_Task data_.
lemma compose_ann_adag:
  assumes "mset_invariant \<psi>" and "length zs = M" and "length I = k" and "length J = k"
  shows "compose (map ann I @ map adag (rev J)) \<psi> zs = complex_of_real (fact (M + k) / fact M) *
    symP (\<lambda>ys. if take k ys = rev J then \<psi> (drop k ys) else 0) (I @ zs)"
proof -
  have "compose (map ann I @ map adag (rev J)) \<psi> zs
      = complex_of_real (ladder_coeff M k) * compose (map adag (rev J)) \<psi> (rev I @ zs)"
    using assms by (simp add: compose_append compose_ann)
  also have "\<dots> = complex_of_real (ladder_coeff M k * ladder_coeff M k) *
      symP (\<lambda>ys. if take k ys = rev J then \<psi> (drop k ys) else 0) (rev I @ zs)"
    using compose_adag[OF assms(1), of "rev I @ zs" M "rev J", unfolded length_rev assms(4)] assms
    by simp
  also have "symP (\<lambda>ys. if take k ys = rev J then \<psi> (drop k ys) else 0) (rev I @ zs)
      = symP (\<lambda>ys. if take k ys = rev J then \<psi> (drop k ys) else 0) (I @ zs)"
    by (rule symP_mset_eq) simp
  finally show ?thesis
    unfolding ladder_coeff_squared by (simp add: add.commute)
qed

section \<open>The operator \<open>W\<^sub>k\<close> applied to a pure state\<close>

lemma inH_eq_sum_symP_delta:
  assumes "inH N M \<psi>"
  shows "(\<lambda>w. \<Sum>xs\<in>idx N M. \<psi> xs * symP (delta xs) w) = \<psi>"
proof
  fix w
  have "(\<lambda>ys. \<Sum>xs\<in>idx N M. \<psi> xs * delta xs ys) = \<psi>"
  proof
    fix ys
    have "(\<Sum>xs\<in>idx N M. \<psi> xs * delta xs ys) = (\<Sum>xs\<in>idx N M. if ys = xs then \<psi> ys else 0)"
      by (intro sum.cong refl) (auto simp: delta_def)
    also have "\<dots> = \<psi> ys" using assms unfolding inH_def by auto
    finally show "(\<Sum>xs\<in>idx N M. \<psi> xs * delta xs ys) = \<psi> ys" .
  qed
  hence "(\<Sum>xs\<in>idx N M. \<psi> xs * symP (delta xs) w) = symP \<psi> w"
    using symP_sum[OF finite_idx[of N M], where c=\<psi> and f=delta and xs=w] by simp
  also have "\<dots> = \<psi> w" using symP_mset_invariant[OF inH_mset_invariant[OF assms]] .
  finally show "(\<Sum>xs\<in>idx N M. \<psi> xs * symP (delta xs) w) = \<psi> w" .
qed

_Task statement_. All lines in the listing above between the line with "ys) = (\<Sum>xs\<in>idx" and the line with "xs) w) = symP", inclusive, should be set down exactly, and no line outside that range.

_Answer to this exercise_.
    have "(\<Sum>xs\<in>idx N M. \<psi> xs * delta xs ys) = (\<Sum>xs\<in>idx N M. if ys = xs then \<psi> ys else 0)"
      by (intro sum.cong refl) (auto simp: delta_def)
    also have "\<dots> = \<psi> ys" using assms unfolding inH_def by auto
    finally show "(\<Sum>xs\<in>idx N M. \<psi> xs * delta xs ys) = \<psi> ys" .
  qed
  hence "(\<Sum>xs\<in>idx N M. \<psi> xs * symP (delta xs) w) = symP \<psi> w"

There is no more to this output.